- [DATA FOR THE TASK]:
***
(* Let $d\ge2$, $\lambda\ge1$, let $B$ be a magnetic field with bounded derivatives of all orders and $A$ its transversal gauge potential. Then for all $y,x,\xi\in\mathbb{R}^d$ and $1\le j\le d$, $$-i\partial_{y_j}g^{A,\lambda}_{x,\xi}(y)=i\partial_{x_j}g^{A,\lambda}_{x,\xi}(y)-\sum_{k=1}^dB_{jk}(x)\,i\partial_{\xi_k}g^{A,\lambda}_{x,\xi}(y)+\Big[A_j(y)-A_j(x)-r^{(1)}_x\big(A_j(\cdot,x)\big)(y)+r^{(1)}_x\big(A_j(x,\cdot)\big)(y)\Big]g^{A,\lambda}_{x,\xi}(y).$$
   Context: $B=(B_{jk})$, $B_{jk}\in C^\infty(\mathbb{R}^d,\mathbb{R})$, $B_{jk}=-B_{kj}$, $B$ closed, $\sup|\partial^\alpha B_{jk}|\le C_\alpha$. For $x\in\mathbb{R}^d$, $A_j(y,x):=-\sum_{k=1}^d\int_0^1s(y_k-x_k)B_{jk}(x+s(y-x))\,ds$, and $A_j(y):=A_j(y,0)$. $\varphi^A(y,x):=(y-x)\cdot\int_0^1A((1-s)x+sy)\,ds$. $g(y)=(2\pi)^{-d/2}\pi^{-d/4}e^{-|y|^2/2}$, $g^{A,\lambda}_{x,\xi}(y)=\lambda^{d/2}e^{i\xi\cdot(y-x)}g(\lambda(y-x))e^{i\varphi^A(y,x)}$. For a smooth function $f$ of $y$, $r^{(1)}_x(f)(y):=f(y)-f(x)-\nabla f(x)\cdot(y-x)$ is the remainder of the first-order Taylor expansion at $x$; here it is applied to $y\mapsto A_j(y,x)$ and $y\mapsto A_j(x,y)$. *)

theory Defs
  imports "HOL-Analysis.Analysis"
begin

text \<open>Vectors in R^d are modelled as real^'n, with d = CARD('n).\<close>

definition pdiff :: "'n::finite \<Rightarrow> (real^'n \<Rightarrow> 'a::real_normed_vector) \<Rightarrow> real^'n \<Rightarrow> 'a" where
  "pdiff i f x = vector_derivative (\<lambda>t. f (x + t *\<^sub>R axis i 1)) (at 0)"

text \<open>Iterated partial derivative \<partial>^\<alpha>, multi-index given as a list of coordinates.\<close>
fun pdiffs :: "'n::finite list \<Rightarrow> (real^'n \<Rightarrow> 'a::real_normed_vector) \<Rightarrow> real^'n \<Rightarrow> 'a" where
  "pdiffs [] f = f"
| "pdiffs (i # is) f = pdiff i (pdiffs is f)"

definition smooth_fun :: "(real^'n::finite \<Rightarrow> real) \<Rightarrow> bool" where
  "smooth_fun f \<longleftrightarrow>
     (\<forall>is. continuous_on UNIV (pdiffs is f) \<and>
           (\<forall>i x. (\<lambda>t. pdiffs is f (x + t *\<^sub>R axis i 1)) differentiable (at 0)))"

definition bounded_derivs :: "(real^'n::finite \<Rightarrow> real) \<Rightarrow> bool" where
  "bounded_derivs f \<longleftrightarrow> (\<forall>is. \<exists>C. \<forall>x. \<bar>pdiffs is f x\<bar> \<le> C)"

definition magnetic_field :: "('n::finite \<Rightarrow> 'n \<Rightarrow> real^'n \<Rightarrow> real) \<Rightarrow> bool" where
  "magnetic_field B \<longleftrightarrow>
     (\<forall>j k. smooth_fun (B j k) \<and> bounded_derivs (B j k)) \<and>
     (\<forall>j k x. B j k x = - B k j x) \<and>
     (\<forall>i j k x. pdiff i (B j k) x + pdiff j (B k i) x + pdiff k (B i j) x = 0)"

definition gaugeA :: "('n::finite \<Rightarrow> 'n \<Rightarrow> real^'n \<Rightarrow> real) \<Rightarrow> 'n \<Rightarrow> real^'n \<Rightarrow> real^'n \<Rightarrow> real" where
  "gaugeA B j y x = - (\<Sum>k\<in>UNIV. integral {0..1} (\<lambda>s. s * (y$k - x$k) * B j k (x + s *\<^sub>R (y - x))))"

text \<open>\<phi>^A(y,x) = (y-x)\<cdot>\<integral>_0^1 A((1-s)x+sy) ds, with A = A(\<cdot>,0).\<close>
definition phiA :: "('n::finite \<Rightarrow> 'n \<Rightarrow> real^'n \<Rightarrow> real) \<Rightarrow> real^'n \<Rightarrow> real^'n \<Rightarrow> real" where
  "phiA B y x = (y - x) \<bullet> integral {0..1} (\<lambda>s. \<chi> j. gaugeA B j ((1 - s) *\<^sub>R x + s *\<^sub>R y) 0)"

definition gauss :: "real^'n::finite \<Rightarrow> real" where
  "gauss y = (2 * pi) powr (- real CARD('n) / 2) * pi powr (- real CARD('n) / 4) * exp (- (norm y)\<^sup>2 / 2)"

definition coh :: "('n::finite \<Rightarrow> 'n \<Rightarrow> real^'n \<Rightarrow> real) \<Rightarrow> real \<Rightarrow> real^'n \<Rightarrow> real^'n \<Rightarrow> real^'n \<Rightarrow> complex" where
  "coh B lam x \<xi> y = complex_of_real (lam powr (real CARD('n) / 2)) * exp (\<i> * complex_of_real (\<xi> \<bullet> (y - x)))
      * complex_of_real (gauss (lam *\<^sub>R (y - x))) * exp (\<i> * complex_of_real (phiA B y x))"

definition taylor_rem1 :: "(real^'n::finite \<Rightarrow> real) \<Rightarrow> real^'n \<Rightarrow> real^'n \<Rightarrow> real" where
  "taylor_rem1 f x y = f y - f x - (\<Sum>i\<in>UNIV. pdiff i f x * (y$i - x$i))"

end

theory Submission
  imports Defs
begin

text \<open>Each of the three derivatives of \<open>g\<close> is \<open>g\<close> itself times an explicit factor, so the
  identity reduces to one between these factors. The only non-trivial factor comes from the
  phase: \<open>\<partial>\<^sub>y\<^sub>j \<phi>(y, x) = A\<^sub>j(y) - A\<^sub>j(y, x)\<close>. Differentiating under the integral and using
  the curl relation \<open>\<partial>\<^sub>j A\<^sub>k - \<partial>\<^sub>k A\<^sub>j = B\<^sub>j\<^sub>k\<close>, which holds because \<open>B\<close> is closed, turns the
  integrand into \<open>d/ds (s A\<^sub>j(x + s(y - x)))\<close> plus the integrand defining \<open>-A\<^sub>j(y, x)\<close>.
  The x-derivative follows from the antisymmetry \<open>\<phi>(y, x) = -\<phi>(x, y)\<close>, and the Taylor
  remainders are explicit because \<open>A\<^sub>j(x, x) = 0\<close> and the first derivatives of \<open>A\<^sub>j(-, x)\<close> and
  \<open>A\<^sub>j(x, -)\<close> at \<open>x\<close> are \<open>-B\<^sub>j\<^sub>k(x)/2\<close> and \<open>B\<^sub>j\<^sub>k(x)/2\<close>.\<close>

lemma pdiff_has_real_derivative:
  fixes f :: "real^'n::finite \<Rightarrow> real"
  assumes "\<And>p. (\<lambda>t. f (p + t *\<^sub>R axis i 1)) differentiable (at 0)"
  shows "((\<lambda>t. f (p + t *\<^sub>R axis i 1)) has_real_derivative pdiff i f (p + t *\<^sub>R axis i 1)) (at t)"
proof -
  have "((\<lambda>s. f ((p + t *\<^sub>R axis i 1) + s *\<^sub>R axis i 1)) has_real_derivative pdiff i f (p + t *\<^sub>R axis i 1)) (at 0)"
    using assms[of "p + t *\<^sub>R axis i 1"] unfolding pdiff_def
    by (simp add: vector_derivative_works has_real_derivative_iff_has_vector_derivative)
  then have "((\<lambda>s. f (p + (s + t) *\<^sub>R axis i 1)) has_real_derivative pdiff i f (p + t *\<^sub>R axis i 1)) (at 0)"
    by (simp add: algebra_simps scaleR_add_left)
  then show ?thesis
    using DERIV_shift[of "\<lambda>s. f (p + s *\<^sub>R axis i 1)" _ 0 t] by simp
qed

lemma pdiff_has_real_derivative_scaled:
  fixes f :: "real^'n::finite \<Rightarrow> real"
  assumes "\<And>p. (\<lambda>t. f (p + t *\<^sub>R axis i 1)) differentiable (at 0)"
  shows "((\<lambda>t. f (p + (c * t) *\<^sub>R axis i 1)) has_real_derivative c * pdiff i f (p + (c * t) *\<^sub>R axis i 1)) (at t)"
  using DERIV_chain2[OF pdiff_has_real_derivative[OF assms] DERIV_cmult_Id[of c t]] by (simp add: mult.commute)

lemma has_derivative_add_axis_direction:
  fixes f :: "real^'n::finite \<Rightarrow> real" and Q :: "real^'n \<Rightarrow> real^'n"
  assumes fQ: "((\<lambda>u. f (Q u)) has_derivative L) (at 0)"
    and Q: "continuous_on UNIV Q"
    and dif: "\<And>p. (\<lambda>t. f (p + t *\<^sub>R axis a 1)) differentiable (at 0)"
    and cont: "continuous_on UNIV (pdiff a f)"
  shows "((\<lambda>u. f (Q u + u$a *\<^sub>R axis a 1)) has_derivative (\<lambda>h. L h + h$a * pdiff a f (Q 0))) (at 0)"
proof -
  define D where "D u t = blinfun_scaleR_left (pdiff a f (Q u + t *\<^sub>R axis a 1))" for u t
  have fy: "((\<lambda>t. f (Q u + t *\<^sub>R axis a 1)) has_derivative blinfun_apply (D u t)) (at t within UNIV)" for u t
    using pdiff_has_real_derivative[where p="Q u", OF dif]
    by (simp add: D_def has_field_derivative_def mult.commute[of _ "pdiff a f _"])
  have "continuous_on UNIV (\<lambda>(u, t). D u t)"
  proof -
    have "continuous_on UNIV (\<lambda>z::(real^'n) \<times> real. Q (fst z) + snd z *\<^sub>R axis a 1)"
      by (intro continuous_intros continuous_on_compose2[OF Q]) auto
    then have "continuous_on UNIV (\<lambda>z::(real^'n) \<times> real. pdiff a f (Q (fst z) + snd z *\<^sub>R axis a 1))"
      by (rule continuous_on_compose2[OF cont]) simp
    then show ?thesis unfolding D_def split_beta
      by (rule continuous_on_compose2[OF linear_continuous_on[OF bounded_linear_blinfun_scaleR_left], of _ _ UNIV]) simp_all
  qed
  then have Dc: "continuous (at (0, 0) within UNIV \<times> UNIV) (\<lambda>(u, t). D u t)"
    by (simp add: continuous_on_eq_continuous_within)
  have pair: "((\<lambda>h::real^'n. (h, h$a)) has_derivative (\<lambda>h. (h, h$a))) (at 0)"
    by (intro has_derivative_Pair has_derivative_ident bounded_linear_imp_has_derivative bounded_linear_vec_nth)
  have "((\<lambda>(u, t). f (Q u + t *\<^sub>R axis a 1)) has_derivative (\<lambda>(hu, ht). L hu + D 0 0 ht))
      (at ((\<lambda>h::real^'n. (h, h$a)) 0))"
    using has_derivative_partialsI[OF _ fy Dc] fQ by simp
  from diff_chain_at[OF pair this]
  have "((\<lambda>h. f (Q h + h$a *\<^sub>R axis a 1)) has_derivative (\<lambda>h. L h + D 0 0 (h$a))) (at 0)"
    by (simp add: o_def)
  then show ?thesis by (simp add: D_def mult.commute)
qed

lemma has_derivative_continuous_pdiff:
  fixes f :: "real^'n::finite \<Rightarrow> real"
  assumes dif: "\<And>i p. (\<lambda>t. f (p + t *\<^sub>R axis i 1)) differentiable (at 0)"
    and cont: "\<And>i. continuous_on UNIV (pdiff i f)"
  shows "(f has_derivative (\<lambda>h. \<Sum>i\<in>UNIV. h$i * pdiff i f x)) (at x)"
proof -
  have "((\<lambda>u. f (x + (\<Sum>i\<in>S. u$i *\<^sub>R axis i 1))) has_derivative (\<lambda>h. \<Sum>i\<in>S. h$i * pdiff i f x)) (at 0)"
    if "finite S" for S :: "'n set"
    using that
  proof (induction S rule: finite_induct)
    case (insert a S)
    have "continuous_on UNIV (\<lambda>u::real^'n. x + (\<Sum>i\<in>S. u$i *\<^sub>R axis i 1))"
      by (intro continuous_intros)
    from has_derivative_add_axis_direction[OF insert.IH this dif cont]
    show ?case using insert.hyps by (simp add: ac_simps)
  qed simp
  note partial = this[of UNIV]
  have "(\<Sum>i\<in>UNIV. u$i *\<^sub>R axis i 1) = u" for u :: "real^'n"
    using basis_expansion[of u] by (simp add: scalar_mult_eq_scaleR)
  with partial have "((\<lambda>u. f (x + u)) has_derivative (\<lambda>h. \<Sum>i\<in>UNIV. h$i * pdiff i f x)) (at 0)"
    by simp
  then have "((\<lambda>z. f (x + (z - x))) has_derivative (\<lambda>h. \<Sum>i\<in>UNIV. h$i * pdiff i f x)) (at x)"
    using diff_chain_at[of "\<lambda>z. z - x" "\<lambda>h. h" x "\<lambda>h. f (x + h)"]
    by (simp add: o_def has_derivative_diff[OF has_derivative_ident has_derivative_const, simplified])
  then show ?thesis by simp
qed

lemma has_real_derivative_along_line:
  fixes f :: "real^'n::finite \<Rightarrow> real"
  assumes "\<And>x. (f has_derivative (\<lambda>h. \<Sum>i\<in>UNIV. h$i * Df i x)) (at x)"
  shows "((\<lambda>s. f (p + s *\<^sub>R v)) has_real_derivative (\<Sum>i\<in>UNIV. v$i * Df i (p + s *\<^sub>R v))) (at s within S)"
proof -
  have "((\<lambda>s. p + s *\<^sub>R v) has_derivative (\<lambda>h. h *\<^sub>R v)) (at s within S)"
    by (auto intro!: derivative_eq_intros)
  note chain = has_derivative_compose[OF this assms]
  have "(\<lambda>h. \<Sum>i\<in>UNIV. (h *\<^sub>R v)$i * Df i (p + s *\<^sub>R v)) = (*) (\<Sum>i\<in>UNIV. v$i * Df i (p + s *\<^sub>R v))"
    by (rule ext) (simp add: sum_distrib_left mult_ac)
  with chain show ?thesis by (simp add: has_field_derivative_def)
qed

lemma sum_axis_mult_left: "(\<Sum>m\<in>UNIV. axis l (1::real) $ m * f m) = f l"
  by (simp add: axis_def if_distrib[of "\<lambda>c. c * _"] cong: if_cong)

lemma has_real_derivative_integral01_param:
  fixes F Ft :: "real \<Rightarrow> real \<Rightarrow> real"
  assumes "\<And>t s. ((\<lambda>t. F t s) has_real_derivative Ft t s) (at t)"
    and "continuous_on UNIV (\<lambda>(t, s). Ft t s)"
    and "continuous_on UNIV (\<lambda>(t, s). F t s)"
  shows "((\<lambda>t. integral {0..1} (F t)) has_real_derivative integral {0..1} (Ft t0)) (at t0)"
proof -
  have "continuous_on UNIV (F t)" for t
    using continuous_on_compose2[OF assms(3) continuous_on_Pair[OF continuous_on_const continuous_on_id]]
    by simp
  then have "F t integrable_on cbox 0 1" for t
    by (meson continuous_on_subset integrable_continuous subset_UNIV)
  with assms show ?thesis
    using leibniz_rule_field_derivative[of UNIV 0 1 F Ft t0]
    by (auto intro: continuous_on_subset)
qed

lemma integral01_reflect: "integral {0..1} (\<lambda>s. f (1 - s)) = integral {0..1} (f :: real \<Rightarrow> real)"
proof -
  have "integral {0..1} (\<lambda>s. f (1 - s)) = integral {(-1)-(-1)..0-(-1)} (\<lambda>s. (\<lambda>x. f (-x)) (s + (-1)))"
    by simp
  also have "\<dots> = integral {-1..0} (\<lambda>x. f (-x))"
    by (rule integral_shift_real_ivl)
  finally show ?thesis
    using Henstock_Kurzweil_Integration.integral_reflect_real[of 1 0 f] by simp
qed

lemma gauss_has_real_derivative_along_line:
  fixes w u :: "real^'n::finite"
  shows "((\<lambda>t. gauss (w + t *\<^sub>R u)) has_real_derivative - (w \<bullet> u) * gauss w) (at 0)"
proof -
  define K where "K = (2 * pi) powr (- real CARD('n) / 2) * pi powr (- real CARD('n) / 4)"
  have e: "gauss (w + t *\<^sub>R u) = K * exp (- (w \<bullet> w + 2 * t * (w \<bullet> u) + t^2 * (u \<bullet> u)) / 2)" for t
    unfolding gauss_def K_def power2_norm_eq_inner
    by (simp add: inner_add_left inner_add_right algebra_simps power2_eq_square inner_commute)
  show ?thesis
    unfolding e using e[of 0] by (auto intro!: derivative_eq_intros simp: algebra_simps)
qed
***
- [WORK TASK]:
Extract, from the listing above, every line where the string "auto" occurs.

- [WRITTEN ANSWER]:
      by (intro continuous_intros continuous_on_compose2[OF Q]) auto
    by (auto intro!: derivative_eq_intros)
    by (auto intro: continuous_on_subset)
    unfolding e using e[of 0] by (auto intro!: derivative_eq_intros simp: algebra_simps)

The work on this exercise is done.